▶ What this task involves: Copy out every line from the records that includes "also".
───── Supplied data ─────
(* For the GND game induced by the Shapley cost sharing mechanism, the function $$\Phi(p)=\sum_{e\in p}\sum_{i\in S_e} f_{i,e}\big(S_e^i(\psi_e)\cup\{i\}\big)$$ (where $S_e=\{i: e\in p_i\}$, $\psi_e$ is an arbitrary permutation of $S_e$, $S_e^i(\psi_e)$ is the set of players preceding $i$ in $\psi_e$, and $e \in p$ means $e\in\bigcup_i p_i$) satisfies $$\frac{1}{\lceil\max_j\alpha_j\rceil}\cdot C(p)\le\Phi(p)\le\mathcal{H}_N\cdot C(p)$$ for every strategy profile $p$, where $\mathcal{H}_N=\sum_{k=1}^N 1/k$.
   Context: GND instance: finite resource set $E$; players $i \in [N]$ with strategy collections $P_i \subseteq 2^E$ and weight vectors $w_i \in \mathbb{Z}_{\geq 1}^E$; constants $q\in\mathbb{Z}_{\ge1}$, $\alpha_1,\dots,\alpha_q > 1$; for each $e$, $\sigma_e \geq 0$, $\xi_{e,j} \geq 0$ (at least one positive), and $F_e(0)=0$, $F_e(l)=\sigma_e+\sum_j \xi_{e,j} l^{\alpha_j}$ for $l>0$. Profile $p=(p_1,\dots,p_N)$, $p_i\in P_i$; load $l_e^p=\sum_{i: e\in p_i} w_i(e)$; total cost $C(p)=\sum_e F_e(l_e^p)$. The Shapley cost share of $i\in X$ on $e$ when $X$ is the set of users of $e$ is $f_{i,e}(X)=\mathbb{E}\big[F_e\big(\sum_{i'\in X^i(\pi)}w_{i'}(e)+w_i(e)\big)-F_e\big(\sum_{i'\in X^i(\pi)}w_{i'}(e)\big)\big]$, where $\pi$ is a uniformly random permutation of $X$ and $X^i(\pi)$ is the set of players preceding $i$ in $\pi$. *)

theory Defs
  imports Complex_Main "HOL-Combinatorics.Multiset_Permutations"
begin

text \<open>Cost function F_e: F_e(0) = 0, F_e(l) = sigma_e + sum_{j<q} xi_{e,j} l^{alpha_j} for l > 0.
  The exponents are indexed by j in {0..<q} (instead of 1..q).\<close>
definition gnd_cost ::
  "('e \<Rightarrow> real) \<Rightarrow> ('e \<Rightarrow> nat \<Rightarrow> real) \<Rightarrow> (nat \<Rightarrow> real) \<Rightarrow> nat \<Rightarrow> 'e \<Rightarrow> nat \<Rightarrow> real" where
  "gnd_cost sigma xi alpha q e l =
     (if l = 0 then 0 else sigma e + (\<Sum>j<q. xi e j * (real l) powr (alpha j)))"

definition preceding :: "nat list \<Rightarrow> nat \<Rightarrow> nat set" where
  "preceding ord i = set (takeWhile (\<lambda>x. x \<noteq> i) ord)"

definition wsum :: "(nat \<Rightarrow> 'e \<Rightarrow> nat) \<Rightarrow> 'e \<Rightarrow> nat set \<Rightarrow> nat" where
  "wsum w e X = (\<Sum>i\<in>X. w i e)"

definition shapley ::
  "('e \<Rightarrow> nat \<Rightarrow> real) \<Rightarrow> (nat \<Rightarrow> 'e \<Rightarrow> nat) \<Rightarrow> 'e \<Rightarrow> nat set \<Rightarrow> nat \<Rightarrow> real" where
  "shapley F w e X i =
     (\<Sum>ord\<in>permutations_of_set X.
        F e (wsum w e (preceding ord i) + w i e) - F e (wsum w e (preceding ord i)))
     / real (card (permutations_of_set X))"

definition users :: "nat \<Rightarrow> (nat \<Rightarrow> 'e set) \<Rightarrow> 'e \<Rightarrow> nat set" where
  "users N p e = {i. i < N \<and> e \<in> p i}"

definition load :: "nat \<Rightarrow> (nat \<Rightarrow> 'e \<Rightarrow> nat) \<Rightarrow> (nat \<Rightarrow> 'e set) \<Rightarrow> 'e \<Rightarrow> nat" where
  "load N w p e = wsum w e (users N p e)"

definition total_cost ::
  "nat \<Rightarrow> 'e set \<Rightarrow> ('e \<Rightarrow> nat \<Rightarrow> real) \<Rightarrow> (nat \<Rightarrow> 'e \<Rightarrow> nat) \<Rightarrow> (nat \<Rightarrow> 'e set) \<Rightarrow> real" where
  "total_cost N E F w p = (\<Sum>e\<in>E. F e (load N w p e))"

definition potential ::
  "nat \<Rightarrow> ('e \<Rightarrow> nat \<Rightarrow> real) \<Rightarrow> (nat \<Rightarrow> 'e \<Rightarrow> nat) \<Rightarrow> (nat \<Rightarrow> 'e set) \<Rightarrow> ('e \<Rightarrow> nat list) \<Rightarrow> real" where
  "potential N F w p psi =
     (\<Sum>e\<in>(\<Union>i<N. p i). \<Sum>i\<in>users N p e.
        shapley F w e (preceding (psi e) i \<union> {i}) i)"

end

(* The Shapley share of player i in the coalition insert i Y is the marginal contribution
   P(insert i Y) - P(Y) of the Hart--Mas-Colell potential
     P(X) = sum over T <= X of (|T|-1)! (|X|-|T|)! / |X|! * F(w(T)),
   so along any ordering of S_e the shares telescope and Phi(p) = sum over used e of P_e(S_e).
   Grouping the subsets of X (|X| = n) by size, P(X) = sum_{t=1..n} (1/t) * A_t, where A_t is the
   average of F(w(T)) over the t-subsets T of X.
   Upper bound: F is monotone, so A_t <= F(w(X)) and P(X) <= H_n F(w(X)) <= H_N F(w(X)).
   Lower bound: the constant sigma_e contributes sigma_e H_n >= sigma_e.  For a power l^a,
   Jensen's inequality gives A_t >= (t W / n)^a with W = w(X), and
   sum_t (t W / n)^a / t = (W / n)^a sum_t t^(a-1) >= W^a / a >= W^a / ceil(max alpha). *)

theory Submission
  imports Defs "HOL-Analysis.Harmonic_Numbers"
begin

section \<open>Orderings and predecessor sets\<close>

lemma takeWhile_neq_append_Cons: "i \<notin> set xs \<Longrightarrow> takeWhile (\<lambda>x. x \<noteq> i) (xs @ i # ys) = xs"
  by (induction xs) auto

lemma dropWhile_neq_append_Cons: "i \<notin> set xs \<Longrightarrow> dropWhile (\<lambda>x. x \<noteq> i) (xs @ i # ys) = i # ys"
  by (induction xs) auto

lemma append_Cons_eq_append_Cons:
  assumes "xs @ i # ys = xs' @ i # ys'" and "i \<notin> set xs" and "i \<notin> set xs'"
  shows "xs = xs' \<and> ys = ys'"
  using assms takeWhile_neq_append_Cons[of i xs ys] takeWhile_neq_append_Cons[of i xs' ys']
    dropWhile_neq_append_Cons[of i xs ys] dropWhile_neq_append_Cons[of i xs' ys']
  by simp

lemma preceding_append_Cons: "i \<notin> set xs \<Longrightarrow> preceding (xs @ i # ys) i = set xs"
  by (simp add: preceding_def takeWhile_neq_append_Cons)

lemma notin_preceding: "i \<notin> preceding ord i"
  by (auto simp: preceding_def dest: set_takeWhileD)

lemma permutations_with_preceding_eq:
  assumes "i \<notin> Y" and "T \<subseteq> Y"
  shows "{ord \<in> permutations_of_set (insert i Y). preceding ord i = T}
       = (\<lambda>(xs, ys). xs @ i # ys) ` (permutations_of_set T \<times> permutations_of_set (Y - T))"
proof (intro equalityI subsetI)
  fix ord assume "ord \<in> {ord \<in> permutations_of_set (insert i Y). preceding ord i = T}"
  then have ord: "set ord = insert i Y" "distinct ord" "preceding ord i = T"
    by (auto simp: permutations_of_set_def)
  obtain ys zs where split: "ord = ys @ i # zs" "i \<notin> set ys"
    using split_list_first[of i ord] ord(1) by auto
  then have "set ys = T"
    using ord(3) by (simp add: preceding_append_Cons)
  with ord split assms(1) have "(ys, zs) \<in> permutations_of_set T \<times> permutations_of_set (Y - T)"
    by (auto simp: permutations_of_set_def)
  with split(1) show "ord \<in> (\<lambda>(xs, ys). xs @ i # ys) ` (permutations_of_set T \<times> permutations_of_set (Y - T))"
    by force
next
  fix ord assume "ord \<in> (\<lambda>(xs, ys). xs @ i # ys) ` (permutations_of_set T \<times> permutations_of_set (Y - T))"
  then obtain ys zs where ord: "ord = ys @ i # zs" and ys: "set ys = T" "distinct ys"
      and zs: "set zs = Y - T" "distinct zs"
    by (auto simp: permutations_of_set_def)
  have "i \<notin> T"
    using assms by blast
  have "set ord = insert i Y"
    using ord ys zs assms(2) by auto
  moreover have "distinct ord"
    using \<open>i \<notin> T\<close> assms(1) ord ys zs by auto
  moreover have "preceding ord i = T"
    using \<open>i \<notin> T\<close> ord ys by (simp add: preceding_append_Cons)
  ultimately show "ord \<in> {ord \<in> permutations_of_set (insert i Y). preceding ord i = T}"
    unfolding permutations_of_set_def by blast
qed
lemma real_nonneg_induct:
  fixes P :: "real \<Rightarrow> bool"
  assumes zero: "P 0"
    and closed: "\<And>s. s > 0 \<Longrightarrow> \<forall>u\<in>{0..<s}. P u \<Longrightarrow> P s"
    and step: "\<And>s. s \<ge> 0 \<Longrightarrow> \<forall>u\<in>{0..s}. P u \<Longrightarrow> \<exists>d>0. \<forall>u\<in>{s..s+d}. P u"
    and "s \<ge> 0"
  shows "P s"
proof (rule ccontr)
  assume "\<not> P s"
  define S where "S = {a. a \<ge> 0 \<and> (\<forall>u\<in>{0..a}. P u)}"
  have "0 \<in> S" using zero by (simp add: S_def)
  have "a < s" if "a \<in> S" for a
    using that \<open>\<not> P s\<close> \<open>s \<ge> 0\<close> by (force simp: S_def)
  then have bdd: "bdd_above S" by (meson bdd_above.I less_imp_le)
  define t where "t = Sup S"
  have "t \<ge> 0" unfolding t_def using \<open>0 \<in> S\<close> bdd by (rule cSup_upper)
  have below: "P u" if u: "0 \<le> u" "u < t" for u
  proof -
    have "S \<noteq> {}" using \<open>0 \<in> S\<close> by blast
    then obtain a where "a \<in> S" "u < a"
      using less_cSup_iff[of S u] bdd u by (auto simp: t_def)
    then show ?thesis using u by (auto simp: S_def)
  qed
  have "P t"
    using \<open>t \<ge> 0\<close> zero closed below by (cases "t = 0") auto
  then have "\<forall>u\<in>{0..t}. P u"
    using below by (metis atLeastAtMost_iff order_less_le)
  then obtain d where "d > 0" "\<forall>u\<in>{t..t+d}. P u" "\<forall>u\<in>{0..t}. P u"
    using step \<open>t \<ge> 0\<close> by blast
  then have "t + d \<in> S"
    using \<open>t \<ge> 0\<close> by (auto simp: S_def)
  then have "t + d \<le> t" unfolding t_def using bdd by (rule cSup_upper)
  then show False using \<open>d > 0\<close> by simp
qed

lemma zero_if_norm_derivative_le:
  fixes e :: "real \<Rightarrow> 'a::real_normed_vector"
  assumes deriv: "\<And>u. u \<in> {a..b} \<Longrightarrow> (e has_vector_derivative e' u) (at u within {a..b})"
    and bound: "\<And>u. u \<in> {a..b} \<Longrightarrow> norm (e' u) \<le> L * norm (e u)"
    and "e a = 0" "L \<ge> 0" "L * (b - a) < 1" "u \<in> {a..b}"
  shows "e u = 0"
proof -
  have "continuous_on {a..b} e"
    using deriv has_vector_derivative_continuous continuous_on_eq_continuous_within by blast
  then have "continuous_on {a..b} (\<lambda>w. norm (e w))"
    by (rule continuous_on_norm)
  then obtain v where v: "v \<in> {a..b}" and max: "\<And>w. w \<in> {a..b} \<Longrightarrow> norm (e w) \<le> norm (e v)"
    using continuous_attains_sup[OF compact_Icc] \<open>u \<in> {a..b}\<close> by (metis empty_iff)
  let ?m = "norm (e v)"
  have "norm (e w - e a) \<le> (L * ?m) * norm (w - a)" if "w \<in> {a..b}" for w
  proof (rule differentiable_bound[OF convex_real_interval(5) _ _ that])
    fix x assume x: "x \<in> {a..b}"
    show "(e has_derivative (\<lambda>h. h *\<^sub>R e' x)) (at x within {a..b})"
      using deriv[OF x] by (simp add: has_vector_derivative_def)
    have "onorm (\<lambda>h. h *\<^sub>R e' x) = norm (e' x)"
      using onorm_scaleR_left[OF bounded_linear_ident] by (simp add: onorm_id)
    also have "\<dots> \<le> L * ?m"
      using bound[OF x] max[OF x] \<open>L \<ge> 0\<close> by (meson mult_left_mono order_trans)
    finally show "onorm (\<lambda>h. h *\<^sub>R e' x) \<le> L * ?m" .
  qed (use v in auto)
  then have "?m \<le> (L * ?m) * (v - a)"
    using v \<open>e a = 0\<close> by simp
  also have "\<dots> \<le> (L * ?m) * (b - a)"
    using v \<open>L \<ge> 0\<close> by (intro mult_left_mono) auto
  finally have "?m * (1 - L * (b - a)) \<le> 0"
    by (simp add: algebra_simps)
  then have "?m = 0"
    using \<open>L * (b - a) < 1\<close> by (simp add: mult_le_0_iff)
  then show ?thesis
    using max[OF \<open>u \<in> {a..b}\<close>] by simp
qed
─────
▶ Response:
    also have "\<dots> \<le> L * ?m"
  also have "\<dots> \<le> (L * ?m) * (b - a)"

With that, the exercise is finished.